→ Data to process
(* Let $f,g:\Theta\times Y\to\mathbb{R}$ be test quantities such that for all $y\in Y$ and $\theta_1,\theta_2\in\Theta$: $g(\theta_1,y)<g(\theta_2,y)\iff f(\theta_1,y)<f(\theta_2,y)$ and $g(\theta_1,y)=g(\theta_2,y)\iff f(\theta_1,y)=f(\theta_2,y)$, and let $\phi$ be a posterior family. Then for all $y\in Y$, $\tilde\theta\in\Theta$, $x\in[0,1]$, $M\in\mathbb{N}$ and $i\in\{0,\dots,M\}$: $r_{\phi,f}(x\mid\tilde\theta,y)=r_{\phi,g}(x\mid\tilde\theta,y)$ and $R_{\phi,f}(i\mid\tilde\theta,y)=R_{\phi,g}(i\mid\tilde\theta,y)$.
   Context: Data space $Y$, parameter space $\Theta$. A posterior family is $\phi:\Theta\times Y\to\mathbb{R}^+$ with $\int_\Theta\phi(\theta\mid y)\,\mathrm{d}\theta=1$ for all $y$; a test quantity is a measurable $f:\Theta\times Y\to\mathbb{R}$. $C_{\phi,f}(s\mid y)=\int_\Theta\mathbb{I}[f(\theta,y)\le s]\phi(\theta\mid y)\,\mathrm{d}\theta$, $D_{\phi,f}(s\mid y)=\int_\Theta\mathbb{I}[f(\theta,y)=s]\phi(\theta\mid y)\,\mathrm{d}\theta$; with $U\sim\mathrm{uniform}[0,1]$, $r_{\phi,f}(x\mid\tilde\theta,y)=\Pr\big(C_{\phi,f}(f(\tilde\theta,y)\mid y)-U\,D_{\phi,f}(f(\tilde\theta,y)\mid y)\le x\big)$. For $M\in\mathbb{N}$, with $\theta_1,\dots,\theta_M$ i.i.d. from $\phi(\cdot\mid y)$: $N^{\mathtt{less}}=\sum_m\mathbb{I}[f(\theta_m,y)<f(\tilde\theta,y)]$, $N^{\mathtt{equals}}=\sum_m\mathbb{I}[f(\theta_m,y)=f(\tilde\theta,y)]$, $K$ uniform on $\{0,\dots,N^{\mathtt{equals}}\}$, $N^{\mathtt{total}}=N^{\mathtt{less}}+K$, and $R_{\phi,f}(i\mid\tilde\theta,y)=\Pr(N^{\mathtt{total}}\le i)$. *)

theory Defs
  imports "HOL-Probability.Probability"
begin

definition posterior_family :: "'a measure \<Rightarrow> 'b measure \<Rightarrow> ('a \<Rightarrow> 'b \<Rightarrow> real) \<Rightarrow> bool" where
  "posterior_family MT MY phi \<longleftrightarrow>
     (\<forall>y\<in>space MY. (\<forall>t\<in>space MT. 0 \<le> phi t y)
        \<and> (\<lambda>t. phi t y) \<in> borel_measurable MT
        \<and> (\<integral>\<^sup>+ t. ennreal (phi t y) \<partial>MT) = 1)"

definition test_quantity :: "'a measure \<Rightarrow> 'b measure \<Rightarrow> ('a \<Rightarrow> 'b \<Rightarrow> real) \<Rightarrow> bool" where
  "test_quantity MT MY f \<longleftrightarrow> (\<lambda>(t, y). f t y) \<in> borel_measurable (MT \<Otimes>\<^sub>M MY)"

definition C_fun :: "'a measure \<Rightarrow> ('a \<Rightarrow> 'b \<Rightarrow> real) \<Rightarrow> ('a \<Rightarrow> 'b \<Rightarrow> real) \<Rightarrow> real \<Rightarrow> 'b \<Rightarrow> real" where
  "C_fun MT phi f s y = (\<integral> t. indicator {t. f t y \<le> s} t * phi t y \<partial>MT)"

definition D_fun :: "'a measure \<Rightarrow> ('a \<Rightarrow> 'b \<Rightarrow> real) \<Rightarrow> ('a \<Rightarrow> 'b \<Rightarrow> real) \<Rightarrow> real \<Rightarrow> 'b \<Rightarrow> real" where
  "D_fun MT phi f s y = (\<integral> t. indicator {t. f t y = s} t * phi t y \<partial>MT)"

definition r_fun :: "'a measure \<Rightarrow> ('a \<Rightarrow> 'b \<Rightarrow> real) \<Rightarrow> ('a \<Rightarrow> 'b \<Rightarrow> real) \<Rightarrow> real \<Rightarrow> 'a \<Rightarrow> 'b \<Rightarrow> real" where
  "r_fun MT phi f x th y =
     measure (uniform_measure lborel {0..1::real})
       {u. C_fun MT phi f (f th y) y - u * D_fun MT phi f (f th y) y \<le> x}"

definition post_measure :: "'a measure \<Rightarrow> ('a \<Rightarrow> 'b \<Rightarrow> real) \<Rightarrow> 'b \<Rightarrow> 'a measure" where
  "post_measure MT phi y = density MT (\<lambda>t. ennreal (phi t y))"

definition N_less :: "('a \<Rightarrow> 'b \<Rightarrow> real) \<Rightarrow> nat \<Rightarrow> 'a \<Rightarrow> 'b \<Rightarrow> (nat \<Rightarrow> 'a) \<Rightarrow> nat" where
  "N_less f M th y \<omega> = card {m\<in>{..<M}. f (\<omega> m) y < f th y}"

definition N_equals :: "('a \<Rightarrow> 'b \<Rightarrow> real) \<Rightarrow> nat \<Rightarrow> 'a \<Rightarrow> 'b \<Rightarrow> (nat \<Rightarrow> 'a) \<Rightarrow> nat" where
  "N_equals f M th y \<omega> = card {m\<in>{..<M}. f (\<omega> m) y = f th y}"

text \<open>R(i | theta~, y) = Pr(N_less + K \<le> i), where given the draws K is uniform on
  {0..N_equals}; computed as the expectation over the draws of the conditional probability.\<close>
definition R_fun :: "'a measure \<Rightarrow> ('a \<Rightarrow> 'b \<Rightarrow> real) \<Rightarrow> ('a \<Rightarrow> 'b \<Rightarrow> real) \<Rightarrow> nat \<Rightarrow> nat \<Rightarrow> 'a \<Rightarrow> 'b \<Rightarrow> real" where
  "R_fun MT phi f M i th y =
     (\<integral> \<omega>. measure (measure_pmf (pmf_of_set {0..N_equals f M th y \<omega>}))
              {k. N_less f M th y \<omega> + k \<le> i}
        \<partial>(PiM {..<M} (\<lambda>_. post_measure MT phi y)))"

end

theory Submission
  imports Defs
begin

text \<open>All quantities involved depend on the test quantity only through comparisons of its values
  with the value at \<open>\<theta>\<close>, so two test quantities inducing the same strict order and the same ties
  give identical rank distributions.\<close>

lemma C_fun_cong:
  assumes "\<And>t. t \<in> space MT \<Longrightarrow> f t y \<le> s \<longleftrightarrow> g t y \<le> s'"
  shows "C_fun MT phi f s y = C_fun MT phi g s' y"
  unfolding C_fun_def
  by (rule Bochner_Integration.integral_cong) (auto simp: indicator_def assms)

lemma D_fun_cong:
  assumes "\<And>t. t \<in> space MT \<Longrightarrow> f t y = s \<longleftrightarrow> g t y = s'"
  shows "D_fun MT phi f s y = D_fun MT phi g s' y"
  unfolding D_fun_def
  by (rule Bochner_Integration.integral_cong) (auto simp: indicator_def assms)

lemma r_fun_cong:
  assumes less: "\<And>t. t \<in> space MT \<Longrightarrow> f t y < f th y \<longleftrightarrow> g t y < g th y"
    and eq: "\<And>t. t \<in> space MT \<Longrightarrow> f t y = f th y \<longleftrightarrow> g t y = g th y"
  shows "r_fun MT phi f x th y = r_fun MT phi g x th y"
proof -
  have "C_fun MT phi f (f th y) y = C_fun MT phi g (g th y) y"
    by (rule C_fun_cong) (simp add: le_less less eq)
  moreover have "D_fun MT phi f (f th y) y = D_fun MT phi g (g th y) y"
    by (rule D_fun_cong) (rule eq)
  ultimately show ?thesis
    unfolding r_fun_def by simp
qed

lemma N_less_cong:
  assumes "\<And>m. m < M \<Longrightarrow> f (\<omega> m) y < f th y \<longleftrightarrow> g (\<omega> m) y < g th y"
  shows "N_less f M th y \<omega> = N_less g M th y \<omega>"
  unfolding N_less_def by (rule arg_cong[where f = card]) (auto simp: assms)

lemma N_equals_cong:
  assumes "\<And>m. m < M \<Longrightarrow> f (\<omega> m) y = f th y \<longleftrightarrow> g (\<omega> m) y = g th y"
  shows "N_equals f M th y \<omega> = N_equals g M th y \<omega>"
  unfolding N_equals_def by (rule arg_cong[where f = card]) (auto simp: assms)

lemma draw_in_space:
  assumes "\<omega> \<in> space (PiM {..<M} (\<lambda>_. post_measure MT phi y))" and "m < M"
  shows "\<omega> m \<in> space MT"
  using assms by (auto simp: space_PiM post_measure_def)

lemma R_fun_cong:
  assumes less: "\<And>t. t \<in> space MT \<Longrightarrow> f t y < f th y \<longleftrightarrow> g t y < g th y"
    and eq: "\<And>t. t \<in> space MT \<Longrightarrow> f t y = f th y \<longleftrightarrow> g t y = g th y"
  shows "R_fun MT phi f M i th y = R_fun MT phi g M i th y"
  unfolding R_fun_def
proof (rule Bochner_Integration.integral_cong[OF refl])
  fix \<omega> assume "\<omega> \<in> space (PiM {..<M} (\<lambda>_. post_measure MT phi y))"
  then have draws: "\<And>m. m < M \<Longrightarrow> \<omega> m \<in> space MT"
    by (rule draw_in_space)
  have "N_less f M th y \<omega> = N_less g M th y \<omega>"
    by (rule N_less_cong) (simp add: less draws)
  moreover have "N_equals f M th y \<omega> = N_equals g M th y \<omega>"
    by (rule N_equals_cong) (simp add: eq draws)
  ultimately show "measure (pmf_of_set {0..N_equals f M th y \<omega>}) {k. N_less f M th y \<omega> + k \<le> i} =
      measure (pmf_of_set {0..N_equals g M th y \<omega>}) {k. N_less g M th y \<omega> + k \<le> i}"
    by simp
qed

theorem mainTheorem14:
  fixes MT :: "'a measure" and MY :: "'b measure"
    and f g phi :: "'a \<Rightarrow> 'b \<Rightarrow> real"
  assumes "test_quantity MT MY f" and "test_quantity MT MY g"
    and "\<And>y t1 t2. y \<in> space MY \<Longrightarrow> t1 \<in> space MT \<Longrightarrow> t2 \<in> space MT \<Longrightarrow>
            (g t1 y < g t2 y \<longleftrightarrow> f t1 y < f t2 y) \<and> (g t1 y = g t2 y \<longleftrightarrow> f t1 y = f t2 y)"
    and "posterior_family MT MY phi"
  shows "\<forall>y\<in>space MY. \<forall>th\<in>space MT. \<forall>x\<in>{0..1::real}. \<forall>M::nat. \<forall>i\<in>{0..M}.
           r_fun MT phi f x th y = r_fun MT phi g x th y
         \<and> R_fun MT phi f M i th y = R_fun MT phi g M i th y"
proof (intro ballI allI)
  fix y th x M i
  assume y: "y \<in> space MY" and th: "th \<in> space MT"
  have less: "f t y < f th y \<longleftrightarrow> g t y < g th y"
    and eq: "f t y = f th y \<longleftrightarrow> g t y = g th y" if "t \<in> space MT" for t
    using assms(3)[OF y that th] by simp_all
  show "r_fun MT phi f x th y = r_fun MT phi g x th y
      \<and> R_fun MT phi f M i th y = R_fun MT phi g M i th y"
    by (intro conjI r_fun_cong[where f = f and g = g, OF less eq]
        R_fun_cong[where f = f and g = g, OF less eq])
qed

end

→ Task statement
Give only a number: how many lines of the data hold the string "intro"?

→ Answer
2